Nope, you have to explicitly set it since it may or may not make the code run faster and it usually makes the executable bigger.

b) Do I have to use any pragmas inside my code to take advantage of loop unrolling or are loops identified automatically?

No pragmas. With -funroll-loops the compiler heuristically decides which loops to unroll. If you want to force unrolling you can use -funroll-all-loops, but it usually makes the code run slower.

c) Why is this option not enabled by default if the unrolling increases the performance?

It doesn't always increase performance!

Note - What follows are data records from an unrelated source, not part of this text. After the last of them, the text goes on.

lemma (in interval_bounded_random_variable) Hoeffdings_lemma_integral:
  "(\<integral>x. exp (l * (f x - expectation f)) \<partial>M) \<le> exp (l\<^sup>2 * (b - a)\<^sup>2 / 8)"
proof (cases l "0 :: real" rule: linorder_cases)
  case less
  interpret reflected: interval_bounded_random_variable M "\<lambda>x. - f x" "- b" "- a"
    by unfold_locales (auto intro: eventually_mono[OF AE_in_interval])
  have "(\<integral>x. exp (- l * (- f x - expectation (\<lambda>x. - f x))) \<partial>M) \<le> exp ((- l)\<^sup>2 * (- a - - b)\<^sup>2 / 8)"
    using less by (intro reflected.Hoeffdings_lemma_integral_pos) simp
  then show ?thesis
    by (simp add: algebra_simps power2_commute)
qed (simp_all add: Hoeffdings_lemma_integral_pos prob_space)

lemma (in prob_space) expectation_eq_sum_indicator:
  fixes A :: "'a \<Rightarrow> 'i::finite" and f :: "'i \<Rightarrow> 'a \<Rightarrow> real"
  assumes A [measurable]: "A \<in> measurable M (count_space UNIV)" and f: "\<And>a. integrable M (f a)"
  shows "expectation (\<lambda>\<omega>. f (A \<omega>) \<omega>)
           = (\<Sum>a\<in>UNIV. expectation (\<lambda>\<omega>. indicator {a} (A \<omega>) * f a \<omega>))"
proof -
  have "integrable M (\<lambda>\<omega>. indicator {a} (A \<omega>) * f a \<omega>)" for a
  proof (rule Bochner_Integration.integrable_bound[OF f[of a]])
    show "(\<lambda>\<omega>. indicator {a} (A \<omega>) * f a \<omega>) \<in> borel_measurable M"
      using borel_measurable_integrable[OF f] by measurable
  qed (simp add: indicator_def)
  moreover have "f (A \<omega>) \<omega> = (\<Sum>a\<in>UNIV. indicator {a} (A \<omega>) * f a \<omega>)" for \<omega>
    by (simp add: indicator_def)
  ultimately show ?thesis
    using Bochner_Integration.integral_sum[of UNIV M "\<lambda>a \<omega>. indicator {a} (A \<omega>) * f a \<omega>"]
    by presburger
qed

lemma (in prob_space) expectation_indicator_eq_prob:
  fixes A :: "'a \<Rightarrow> 'i"
  assumes [measurable]: "A \<in> measurable M (count_space UNIV)"
  shows "expectation (\<lambda>\<omega>. indicator {a} (A \<omega>) :: real) = prob {\<omega>\<in>space M. A \<omega> = a}"
proof -
  have "expectation (\<lambda>\<omega>. indicator {a} (A \<omega>) :: real) = expectation (indicator {\<omega>\<in>space M. A \<omega> = a})"
    by (intro Bochner_Integration.integral_cong) (auto simp: indicator_def)
  then show ?thesis
    by simp
qed

lemma (in prob_space) absolutely_continuous_distr_pair:
  fixes X :: "'a \<Rightarrow> 'i::countable"
  assumes X [measurable]: "X \<in> measurable M (count_space UNIV)" and W [measurable]: "W \<in> measurable M T"
  shows "absolutely_continuous (distr M (count_space UNIV) X \<Otimes>\<^sub>M distr M T W)
                               (distr M (count_space UNIV \<Otimes>\<^sub>M T) (\<lambda>\<omega>. (X \<omega>, W \<omega>)))"
  unfolding absolutely_continuous_def
proof
  let ?X = "distr M (count_space UNIV) X" and ?W = "distr M T W"
  interpret W: prob_space ?W by (rule prob_space_distr) simp
  fix S assume S: "S \<in> null_sets (?X \<Otimes>\<^sub>M ?W)"
  have "sets (?X \<Otimes>\<^sub>M ?W) = sets (count_space UNIV \<Otimes>\<^sub>M T)"
    by (rule sets_pair_measure_cong) simp_all
  then have sets_S: "S \<in> sets (count_space UNIV \<Otimes>\<^sub>M T)"
    using null_setsD2[OF S] by simp
  have "(\<integral>\<^sup>+ \<omega>. emeasure ?W (Pair (X \<omega>) -` S) \<partial>M) = emeasure (?X \<Otimes>\<^sub>M ?W) S"
    using W.emeasure_pair_measure_alt[OF null_setsD2[OF S]] by (simp add: nn_integral_distr)
  moreover have "(\<lambda>\<omega>. emeasure ?W (Pair (X \<omega>) -` S)) \<in> borel_measurable M"
    using measurable_compose[OF X, of "\<lambda>a. emeasure ?W (Pair a -` S)" borel] by simp
  ultimately have "AE \<omega> in M. emeasure ?W (Pair (X \<omega>) -` S) = 0"
    using null_setsD1[OF S] by (simp add: nn_integral_0_iff_AE)
  moreover have "AE \<omega> in M. \<forall>a\<in>{a. emeasure ?W (Pair a -` S) = 0}. (a, W \<omega>) \<notin> S"
  proof (rule AE_ball_countable')
    fix a assume "a \<in> {a. emeasure ?W (Pair a -` S) = 0}"
    moreover have "W -` (Pair a -` S) \<inter> space M \<in> sets M"
      using sets_Pair1[OF sets_S] by measurable
    ultimately have "W -` (Pair a -` S) \<inter> space M \<in> null_sets M"
      using sets_Pair1[OF sets_S] by (simp add: emeasure_distr null_setsI)
    then show "AE \<omega> in M. (a, W \<omega>) \<notin> S"
      by (rule AE_I') auto
  qed simp
  ultimately have "AE \<omega> in M. (X \<omega>, W \<omega>) \<notin> S"
    by eventually_elim auto
  then have "AE x in distr M (count_space UNIV \<Otimes>\<^sub>M T) (\<lambda>\<omega>. (X \<omega>, W \<omega>)). x \<notin> S"
    using sets_S by (subst AE_distr_iff) auto
  then show "S \<in> null_sets (distr M (count_space UNIV \<Otimes>\<^sub>M T) (\<lambda>\<omega>. (X \<omega>, W \<omega>)))"
    using sets_S by (simp add: AE_iff_null_sets)
qed

lemma (in prob_space) indep_var_if_measurable_indep_set:
  assumes indep: "indep_set (sets F) (sets G)" and space: "space F = space M" "space G = space M"
    and X: "X \<in> measurable F S" and Y: "Y \<in> measurable G T"
  shows "indep_var S X T Y"
proof -
  have sub: "sets F \<subseteq> events" "sets G \<subseteq> events"
    using indep_setD_ev1[OF indep] indep_setD_ev2[OF indep] by auto
  have "X \<in> measurable M S" "Y \<in> measurable M T"
    using measurable_mono[of S S F M] measurable_mono[of T T G M] X Y sub space by auto
  moreover have "sigma_sets (space M) {X -` A \<inter> space M | A. A \<in> sets S} \<subseteq> sets F"
    by (rule sets.sigma_sets_subset') (use measurable_sets[OF X] sets.top[of F] space in auto)
  moreover have "sigma_sets (space M) {Y -` A \<inter> space M | A. A \<in> sets T} \<subseteq> sets G"
    by (rule sets.sigma_sets_subset') (use measurable_sets[OF Y] sets.top[of G] space in auto)
  ultimately show ?thesis
    using indep unfolding indep_var_eq indep_sets2_eq by blast
qed

locale class_bandit = prob_space M
  for M :: "'o measure"
    and Theta :: "'t measure" and theta :: "'o \<Rightarrow> 't"
    and Zsp :: "'z measure" and Z :: "'a::finite set \<Rightarrow> 'o \<Rightarrow> 'z"
    and E :: "('a \<times> 'a) set" and R :: "'a \<times> 'z \<Rightarrow> real"
    and Astar At :: "'o \<Rightarrow> 'a" +
  assumes equiv: "equiv UNIV E"
    and theta: "theta \<in> measurable M Theta"
    and Z: "\<And>c. c \<in> UNIV // E \<Longrightarrow> Z c \<in> measurable M Zsp"
    and R_meas [measurable]: "R \<in> borel_measurable (count_space UNIV \<Otimes>\<^sub>M Zsp)"
    and R_range: "\<And>y. 0 \<le> R y \<and> R y \<le> 1"
    and Astar_meas: "Astar \<in> measurable (vimage_algebra (space M) theta Theta) (count_space UNIV)"
    and At_meas [measurable]: "At \<in> measurable M (count_space UNIV)"
    and At_indep: "indep_set (sets (vimage_algebra (space M) At (count_space UNIV)))
                     (sets (vimage_algebra (space M) (\<lambda>\<omega>. (theta \<omega>, \<lambda>a. class_outcome E Z a \<omega>))
                                          (Theta \<Otimes>\<^sub>M PiM UNIV (\<lambda>_. count_space UNIV \<Otimes>\<^sub>M Zsp))))"
    and TS: "\<And>a. prob {\<omega>\<in>space M. At \<omega> = a} = prob {\<omega>\<in>space M. Astar \<omega> = a}"
begin

abbreviation Y :: "'a \<Rightarrow> 'o \<Rightarrow> 'a \<times> 'z" where
  "Y \<equiv> class_outcome E Z"

definition env_algebra :: "'o measure" where
  "env_algebra = vimage_algebra (space M) (\<lambda>\<omega>. (theta \<omega>, \<lambda>a. Y a \<omega>))
                                 (Theta \<Otimes>\<^sub>M PiM UNIV (\<lambda>_. count_space UNIV \<Otimes>\<^sub>M Zsp))"

lemma Z_class_measurable [measurable]: "Z (E `` {a}) \<in> measurable M Zsp"
  using Z by (simp add: quotientI)

lemma Y_measurable [measurable]: "Y a \<in> measurable M (count_space UNIV \<Otimes>\<^sub>M Zsp)"
  unfolding class_outcome_def[abs_def] by measurable

lemma Y_space: "\<omega> \<in> space M \<Longrightarrow> Y a \<omega> \<in> UNIV \<times> space Zsp"
  using measurable_space[OF Y_measurable] by (simp add: space_pair_measure)

lemma space_env_algebra [simp]: "space env_algebra = space M"
  by (simp add: env_algebra_def)

lemma env_measurable:
  "(\<lambda>\<omega>. (theta \<omega>, \<lambda>a. Y a \<omega>))
     \<in> measurable env_algebra (Theta \<Otimes>\<^sub>M PiM UNIV (\<lambda>_. count_space UNIV \<Otimes>\<^sub>M Zsp))"
  unfolding env_algebra_def
  by (intro measurable_vimage_algebra1)
     (auto simp: space_pair_measure space_PiM measurable_space[OF theta] Y_space)

lemma Y_env_measurable [measurable]: "Y a \<in> measurable env_algebra (count_space UNIV \<Otimes>\<^sub>M Zsp)"
  using measurable_comp[OF env_measurable, of "\<lambda>x. snd x a"] by (simp add: comp_def)

lemma Astar_env_measurable [measurable]: "Astar \<in> measurable env_algebra (count_space UNIV)"
proof -
  have "theta \<in> measurable env_algebra Theta"
    using measurable_comp[OF env_measurable measurable_fst] by (simp add: comp_def)
  then have "sets (vimage_algebra (space M) theta Theta) \<subseteq> sets env_algebra"
    by (intro sets_image_in_sets) simp
  then show ?thesis
    using Astar_meas measurable_mono[of "count_space UNIV" "count_space UNIV"
                                        "vimage_algebra (space M) theta Theta" env_algebra]
    by auto
qed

Also, not everything is about performance. Some people actually care about having small executables since they have little memory (see: embedded systems)

d) What are the recommended gcc optimization flags to compile the program in the best way possible? (I must run this program optimized for a single CPU family, that is the same of the machine where I compile the code, actually I use march=native and -O2 flags)

There's no silver bullet. You'll need to think, test and see. There is actually a theorem that states that no perfect compiler can ever exist.

Did you profile your program? Profiling is a very useful skill for these things.

Source (mostly): https://gcc.gnu.org/onlinedocs/gcc-3.4.4/gcc/Optimize-Options.html

4
votes

You are getting a theoretical background about the issue and it leaves enough space to guess what you are getting in a real run. It is said that the option is not always increasing performance because it depends on a variety of factors, for instance on the loop implementation, its load/body and others.

Each code is different and if you are interested in finding the better performance solution it is good idea just to run both variants, measure theirs execution times and compare.

Look at this approach in the answer below to have an idea of time measurement. In two words, you just wrap your code into the cycle which will lead your program running to take several seconds. As you are optimizing loops themselves it is good idea to write a shell script, which runs your app many times.